Data to use START

(* Let $X$ be a complete doubling metric space, let $\{E_{\mathtt{i}}\}_{\mathtt{i}\in\Sigma}$ be a Moran construction in $X$ with limit set $E$, and let $\mu$ be a measure supported on $E$. Then for $\mu$-almost all $x_{\mathtt{i}}\in E$ (where $\mathtt{i}\in\Sigma_\infty$), \[ \overline{\dim}_{\mathrm{loc}}(\mu,x_{\mathtt{i}})=\limsup_{n\to\infty}\frac{\log\mu(E_{\mathtt{i}|_n})}{\log\operatorname{diam}(E_{\mathtt{i}|_n})},\qquad \underline{\dim}_{\mathrm{loc}}(\mu,x_{\mathtt{i}})=\liminf_{n\to\infty}\frac{\log\mu(E_{\mathtt{i}|_n})}{\log\operatorname{diam}(E_{\mathtt{i}|_n})}. \]
   Context: A metric space is doubling if there is $N$ such that every closed ball $B(x,r)$ is covered by $N$ closed balls of radius $r/2$. A "measure" is a nontrivial Borel regular outer measure, finite on bounded sets. Local dimensions: $\overline{\dim}_{\mathrm{loc}}(\mu,x)=\limsup_{r\downarrow0}\log\mu(B(x,r))/\log r$, $\underline{\dim}_{\mathrm{loc}}(\mu,x)=\liminf_{r\downarrow0}\log\mu(B(x,r))/\log r$. Words: $I$ is a countable set, $I^0=\{\varnothing\}$, $I^\infty=I^{\mathbb{N}}$; for a word $\mathtt{i}=i_1i_2\cdots$, $\mathtt{i}|_n=i_1\cdots i_n$, $\mathtt{i}|_0=\varnothing$, and for $\mathtt{i}\in I^n$, $\mathtt{i}^-=\mathtt{i}|_{n-1}$. For $\Sigma\subset\bigcup_{n\ge0}I^n$, $\Sigma_n=\Sigma\cap I^n$ and $\Sigma_\infty=\{\mathtt{i}\in I^\infty:\mathtt{i}|_n\in\Sigma_n\ \forall n\}$. If $\mathtt{i}\in\Sigma$ and $\mathtt{j}=\mathtt{i}i\in\Sigma$ for some $i\in I$, write $\mathtt{j}\prec\mathtt{i}$ (offspring). $\Sigma$ is a codetree if $\varnothing\in\Sigma$, $\mathtt{i}^-\in\Sigma$ whenever $\varnothing\ne\mathtt{i}\in\Sigma$, and each $\mathtt{i}\in\Sigma$ has a positive finite number of offspring. A Moran construction is a collection $\{E_{\mathtt{i}}\subset X:\mathtt{i}\in\Sigma\}$ of compact sets of positive diameter, $\Sigma$ a codetree, such that: (M1) $E_{\mathtt{i}}\subset E_{\mathtt{i}^-}$ for $\mathtt{i}\ne\varnothing$; (M2) $\operatorname{diam}(E_{\mathtt{i}|_n})\to0$ for each $\mathtt{i}\in\Sigma_\infty$; (M3) $E_{\mathtt{i}i}\cap E_{\mathtt{i}j}=\emptyset$ if $\mathtt{i}i,\mathtt{i}j\in\Sigma$, $i\ne j$; (M4) there is a uniform constant $C_0>0$ such that each $E_{\mathtt{i}}$ contains a ball $B(x,C_0\operatorname{diam}(E_{\mathtt{i}}))$ for some $x\in E_{\mathtt{i}}$; (M5) $\log\operatorname{diam}(E_{\mathtt{i}|_n})/\log\min\{\operatorname{diam}(E_{\mathtt{j}}):\mathtt{j}\prec\mathtt{i}|_n\}\to1$ as $n\to\infty$, uniformly in $\mathtt{i}\in\Sigma_\infty$. The limit set is $E=\bigcap_{n}\bigcup_{\mathtt{i}\in\Sigma_n}E_{\mathtt{i}}$, and for $\mathtt{i}\in\Sigma_\infty$, $x_{\mathtt{i}}$ is the unique point of $\bigcap_n E_{\mathtt{i}|_n}$. *)

theory Defs
  imports "HOL-Analysis.Analysis"
begin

Data to use END

— What needs to be done —
Output exactly the lines from the one containing "Context: A metric" through the last line of the entries, both ends included.

— Result below —
   Context: A metric space is doubling if there is $N$ such that every closed ball $B(x,r)$ is covered by $N$ closed balls of radius $r/2$. A "measure" is a nontrivial Borel regular outer measure, finite on bounded sets. Local dimensions: $\overline{\dim}_{\mathrm{loc}}(\mu,x)=\limsup_{r\downarrow0}\log\mu(B(x,r))/\log r$, $\underline{\dim}_{\mathrm{loc}}(\mu,x)=\liminf_{r\downarrow0}\log\mu(B(x,r))/\log r$. Words: $I$ is a countable set, $I^0=\{\varnothing\}$, $I^\infty=I^{\mathbb{N}}$; for a word $\mathtt{i}=i_1i_2\cdots$, $\mathtt{i}|_n=i_1\cdots i_n$, $\mathtt{i}|_0=\varnothing$, and for $\mathtt{i}\in I^n$, $\mathtt{i}^-=\mathtt{i}|_{n-1}$. For $\Sigma\subset\bigcup_{n\ge0}I^n$, $\Sigma_n=\Sigma\cap I^n$ and $\Sigma_\infty=\{\mathtt{i}\in I^\infty:\mathtt{i}|_n\in\Sigma_n\ \forall n\}$. If $\mathtt{i}\in\Sigma$ and $\mathtt{j}=\mathtt{i}i\in\Sigma$ for some $i\in I$, write $\mathtt{j}\prec\mathtt{i}$ (offspring). $\Sigma$ is a codetree if $\varnothing\in\Sigma$, $\mathtt{i}^-\in\Sigma$ whenever $\varnothing\ne\mathtt{i}\in\Sigma$, and each $\mathtt{i}\in\Sigma$ has a positive finite number of offspring. A Moran construction is a collection $\{E_{\mathtt{i}}\subset X:\mathtt{i}\in\Sigma\}$ of compact sets of positive diameter, $\Sigma$ a codetree, such that: (M1) $E_{\mathtt{i}}\subset E_{\mathtt{i}^-}$ for $\mathtt{i}\ne\varnothing$; (M2) $\operatorname{diam}(E_{\mathtt{i}|_n})\to0$ for each $\mathtt{i}\in\Sigma_\infty$; (M3) $E_{\mathtt{i}i}\cap E_{\mathtt{i}j}=\emptyset$ if $\mathtt{i}i,\mathtt{i}j\in\Sigma$, $i\ne j$; (M4) there is a uniform constant $C_0>0$ such that each $E_{\mathtt{i}}$ contains a ball $B(x,C_0\operatorname{diam}(E_{\mathtt{i}}))$ for some $x\in E_{\mathtt{i}}$; (M5) $\log\operatorname{diam}(E_{\mathtt{i}|_n})/\log\min\{\operatorname{diam}(E_{\mathtt{j}}):\mathtt{j}\prec\mathtt{i}|_n\}\to1$ as $n\to\infty$, uniformly in $\mathtt{i}\in\Sigma_\infty$. The limit set is $E=\bigcap_{n}\bigcup_{\mathtt{i}\in\Sigma_n}E_{\mathtt{i}}$, and for $\mathtt{i}\in\Sigma_\infty$, $x_{\mathtt{i}}$ is the unique point of $\bigcap_n E_{\mathtt{i}|_n}$. *)

theory Defs
  imports "HOL-Analysis.Analysis"
begin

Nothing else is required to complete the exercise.